definition is_net :: "'p set \<Rightarrow> 'p set set \<Rightarrow> nat \<Rightarrow> nat \<Rightarrow> bool" where
  "is_net P L n k \<longleftrightarrow>
     finite P \<and> card P = n ^ 2 \<and>
     (\<exists>Cls :: 'p set set set.
        finite Cls \<and> card Cls = k \<and> L = \<Union>Cls \<and>
        (\<forall>C1\<in>Cls. \<forall>C2\<in>Cls. C1 \<noteq> C2 \<longrightarrow> C1 \<inter> C2 = {}) \<and>
        (\<forall>C\<in>Cls. card C = n \<and>
           (\<forall>l\<in>C. l \<subseteq> P \<and> card l = n) \<and>
           (\<forall>x\<in>P. \<exists>!l. l \<in> C \<and> x \<in> l)) \<and>
        (\<forall>C1\<in>Cls. \<forall>C2\<in>Cls. C1 \<noteq> C2 \<longrightarrow>
           (\<forall>l1\<in>C1. \<forall>l2\<in>C2. card (l1 \<inter> l2) = 1)))"

definition charvec :: "'p set \<Rightarrow> 'p \<Rightarrow> bit" where
  "charvec X = (\<lambda>x. if x \<in> X then 1 else 0)"

definition fscale :: "bit \<Rightarrow> ('p \<Rightarrow> bit) \<Rightarrow> ('p \<Rightarrow> bit)" where
  "fscale c f = (\<lambda>x. c * f x)"

definition binary_code :: "'p set set \<Rightarrow> ('p \<Rightarrow> bit) set" where
  "binary_code L = module.span fscale (charvec ` L)"

end

theory Submission
  imports Defs
begin

text \<open>
  Let C be the binary code of an (n,k) net with n even and H = C \<inter> C^\<bottom> its hull.
  Two parallel lines meet in 0 or n points and two non-parallel lines in exactly one, so
  for c \<in> C the inner product of c with a line depends only on the parallel class of the
  line. Hence pairing c with one line of each class is a linear map C \<rightarrow> F_2^k whose
  kernel lies in H, and |C| \<le> 2^k |H|. Since C and H are orthogonal subspaces of F_2^P,
  also |C| |H| \<le> 2^(n^2). Together |C|^2 \<le> 2^(n^2 + k), i.e. 2 dim C \<le> n^2 + k,
  which is 40 for a (6,4) net.
\<close>

context vector_space
begin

# # #

## WHAT IS EXPECTED:
Copy here each line of the preceding records with "finite" in it.

## ANSWER SECTION:
     finite P \<and> card P = n ^ 2 \<and>
        finite Cls \<and> card Cls = k \<and> L = \<Union>Cls \<and>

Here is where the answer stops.